--- Records supplied Enclosed Below ---

lemma face_weight_replicate_None: "face_weight F ts (replicate n None) p = 0"
proof (induction ts arbitrary: n)
  case (Cons t ts)
  then show ?case by (cases n) auto
qed simp

lemma face_weight_add_length_retained: "face_weight F ts xs p + length (retained ts xs) \<le> length ts"
  by (induction F ts xs p rule: face_weight.induct) (auto simp: pre_vec_def post_vec_def)

lemma face_weight_conv_sum:
  assumes "length ts = length xs"
  shows "(\<Sum>u<length xs. case xs ! u of None \<Rightarrow> 0
            | Some e \<Rightarrow> (if e then post_vec F (ts ! u) p else pre_vec F (ts ! u) p))
         = face_weight F ts xs p"
  using assms
proof (induction xs arbitrary: ts)
  case (Cons x xs)
  then obtain t ts' where ts: "ts = t # ts'" and "length ts' = length xs" by (cases ts) auto
  with Cons.IH[of ts'] show ?case
    unfolding ts length_Cons sum.lessThan_Suc_shift nth_Cons_0 nth_Cons_Suc by (cases x) simp_all
qed simp

lemma length_fill: "length (fill xs ys) = length xs"
  by (induction xs ys rule: fill.induct) auto

lemma fill_replicate_None_right: "fill xs (replicate (dom_length xs) None) = xs"
  by (induction xs) (auto split: option.splits)

lemma fill_replicate_None_left: "length ys = n \<Longrightarrow> fill (replicate n None) ys = ys"
  by (induction ys arbitrary: n) auto

lemma fill_assoc:
  "length ys = dom_length xs \<Longrightarrow> length zs = dom_length ys \<Longrightarrow>
   fill (fill xs ys) zs = fill xs (fill ys zs)"
proof (induction xs ys arbitrary: zs rule: fill.induct)
  case (3 xs y ys)
  then show ?case by (cases y; cases zs) auto
qed auto

lemma retained_fill:
  "length ts = length xs \<Longrightarrow> length ys = dom_length xs \<Longrightarrow>
   retained ts (fill xs ys) = retained (retained ts xs) ys"
proof (induction xs ys arbitrary: ts rule: fill.induct)
  case (3 xs y ys)
  then show ?case by (cases ts; cases y) auto
qed (auto simp: length_Suc_conv)

lemma face_weight_fill:
  "length ts = length xs \<Longrightarrow> length ys = dom_length xs \<Longrightarrow>
   face_weight F ts (fill xs ys) p = face_weight F ts xs p + face_weight F (retained ts xs) ys p"
proof (induction xs ys arbitrary: ts rule: fill.induct)
  case (3 xs y ys)
  then show ?case by (cases ts; cases y) auto
qed (auto simp: length_Suc_conv)

lemma dhom_iff: "phi \<in> dhom V U \<longleftrightarrow> length (fst phi) = length U \<and> V = retained U (fst phi)"
  by (cases phi) (simp add: dhom_def retained_conv_filter)

lemma dcomp_in_dhom: "phi \<in> dhom V U \<Longrightarrow> psi \<in> dhom W V \<Longrightarrow> dcomp phi psi \<in> dhom W U"
  by (auto simp: dhom_iff dcomp_def length_fill length_retained retained_fill)

lemma did_in_dhom: "did U \<in> dhom U U"
  by (simp add: dhom_iff did_def retained_replicate_None)

lemma dcomp_did_right: "phi \<in> dhom V U \<Longrightarrow> dcomp phi (did V) = phi"
  by (cases phi) (auto simp: dhom_iff dcomp_def did_def length_retained fill_replicate_None_right)

lemma dcomp_did_left: "phi \<in> dhom V U \<Longrightarrow> dcomp (did U) phi = phi"
  by (cases phi) (auto simp: dhom_iff dcomp_def did_def length_retained fill_replicate_None_left)

lemma dcomp_assoc:
  "phi \<in> dhom V U \<Longrightarrow> psi \<in> dhom W V \<Longrightarrow> chi \<in> dhom Y W \<Longrightarrow>
   dcomp (dcomp phi psi) chi = dcomp phi (dcomp psi chi)"
  by (auto simp: dhom_iff dcomp_def length_retained fill_assoc add.assoc)

section \<open>Colimits of representables\<close>

lemma presheaf_act_in: "presheaf Z act \<Longrightarrow> phi \<in> dhom V U \<Longrightarrow> x \<in> Z U \<Longrightarrow> act U phi x \<in> Z V"
  unfolding presheaf_def by blast

lemma presheaf_act_dcomp:
  "presheaf Z act \<Longrightarrow> phi \<in> dhom V U \<Longrightarrow> psi \<in> dhom W V \<Longrightarrow> x \<in> Z U \<Longrightarrow>
   act U (dcomp phi psi) x = act V psi (act U phi x)"
  unfolding presheaf_def by blast

lemma presheaf_act_did: "presheaf Z act \<Longrightarrow> x \<in> Z U \<Longrightarrow> act U (did U) x = x"
  unfolding presheaf_def by blast

lemma colim_base_iff: "(e, phi) \<in> colim_base Ob Gob U \<longleftrightarrow> e \<in> Ob \<and> phi \<in> dhom U (Gob e)"
  by (simp add: colim_base_def)

text \<open>By Yoneda, xe e is the leg of a cocone from the representables D(-, Gob e) to Z, and eval
  is the induced map from the colimit base.\<close>

locale representable_cocone =
  fixes Z :: "'a list \<Rightarrow> 'x set" and act :: "'a list \<Rightarrow> 'p morph \<Rightarrow> 'x \<Rightarrow> 'x"
    and Ob Ar :: "nat set" and dm cd idn :: "nat \<Rightarrow> nat" and cmp :: "nat \<Rightarrow> nat \<Rightarrow> nat"
    and Gob :: "nat \<Rightarrow> 'a list" and Gar :: "nat \<Rightarrow> 'p morph" and xe :: "nat \<Rightarrow> 'x"
  assumes presheaf: "presheaf Z act"
    and fin_cat: "fin_cat Ob Ar dm cd idn cmp"
    and is_functor: "is_functor Ob Ar dm cd idn cmp Gob Gar"
    and vertex_in: "e \<in> Ob \<Longrightarrow> xe e \<in> Z (Gob e)"
    and cocone: "f \<in> Ar \<Longrightarrow> act (Gob (cd f)) (Gar f) (xe (cd f)) = xe (dm f)"
begin

definition eval :: "nat \<times> 'p morph \<Rightarrow> 'x" where
  "eval p = act (Gob (fst p)) (snd p) (xe (fst p))"

definition fibre :: "'a list \<Rightarrow> 'x \<Rightarrow> (nat \<times> 'p morph) set" where
  "fibre U z = {p \<in> colim_base Ob Gob U. eval p = z}"

lemma eval_in: "p \<in> colim_base Ob Gob U \<Longrightarrow> eval p \<in> Z U"
  by (cases p) (auto simp: eval_def colim_base_iff intro: presheaf_act_in[OF presheaf] vertex_in)

lemma dcomp_in_colim_base:
  "(e, phi) \<in> colim_base Ob Gob U \<Longrightarrow> psi \<in> dhom V U \<Longrightarrow> (e, dcomp phi psi) \<in> colim_base Ob Gob V"
  by (auto simp: colim_base_iff intro: dcomp_in_dhom)

lemma eval_dcomp:
  "(e, phi) \<in> colim_base Ob Gob U \<Longrightarrow> psi \<in> dhom V U \<Longrightarrow>
   eval (e, dcomp phi psi) = act U psi (eval (e, phi))"
  by (auto simp: eval_def colim_base_iff intro: presheaf_act_dcomp[OF presheaf] vertex_in)

lemma colim_step_eval:
  assumes "(p, q) \<in> colim_step Ar dm cd Gob Gar U"
  shows "p \<in> colim_base Ob Gob U \<and> q \<in> colim_base Ob Gob U \<and> eval p = eval q"
proof -
  from assms obtain f phi where f: "f \<in> Ar" and phi: "phi \<in> dhom U (Gob (dm f))"
    and p: "p = (dm f, phi)" and q: "q = (cd f, dcomp (Gar f) phi)"
    unfolding colim_step_def by blast
  have ends: "dm f \<in> Ob" "cd f \<in> Ob" and Gf: "Gar f \<in> dhom (Gob (dm f)) (Gob (cd f))"
    using f fin_cat is_functor by (auto simp: fin_cat_def is_functor_def)
  then have q_base: "q \<in> colim_base Ob Gob U"
    using phi by (simp add: q colim_base_iff dcomp_in_dhom)
  have "eval q = act (Gob (dm f)) phi (act (Gob (cd f)) (Gar f) (xe (cd f)))"
    using Gf phi ends by (simp add: q eval_def presheaf_act_dcomp[OF presheaf] vertex_in)
  also have "\<dots> = eval p"
    using f by (simp add: p eval_def cocone)
  finally show ?thesis
    using ends phi q_base by (simp add: p colim_base_iff)
qed

lemma colim_equiv_eval:
  assumes "(p, q) \<in> colim_equiv Ob Ar dm cd Gob Gar U"
  shows "p \<in> colim_base Ob Gob U \<and> q \<in> colim_base Ob Gob U \<and> eval p = eval q"
proof -
  let ?S = "colim_step Ar dm cd Gob Gar U"
  have "(p, q) \<in> (?S \<union> ?S\<inverse>)\<^sup>+ \<Longrightarrow> ?thesis"
    by (induction rule: trancl_induct) (use colim_step_eval in fastforce)+
  with assms show ?thesis
    unfolding colim_equiv_def by blast
qed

--- End of Enclosed Records supplied ---

» **What to produce**:
What is wanted is every line from the first line of the entries through the line that contains "None \<Rightarrow> 0", given again exactly.

» **Task output**:
lemma face_weight_replicate_None: "face_weight F ts (replicate n None) p = 0"
proof (induction ts arbitrary: n)
  case (Cons t ts)
  then show ?case by (cases n) auto
qed simp

lemma face_weight_add_length_retained: "face_weight F ts xs p + length (retained ts xs) \<le> length ts"
  by (induction F ts xs p rule: face_weight.induct) (auto simp: pre_vec_def post_vec_def)

lemma face_weight_conv_sum:
  assumes "length ts = length xs"
  shows "(\<Sum>u<length xs. case xs ! u of None \<Rightarrow> 0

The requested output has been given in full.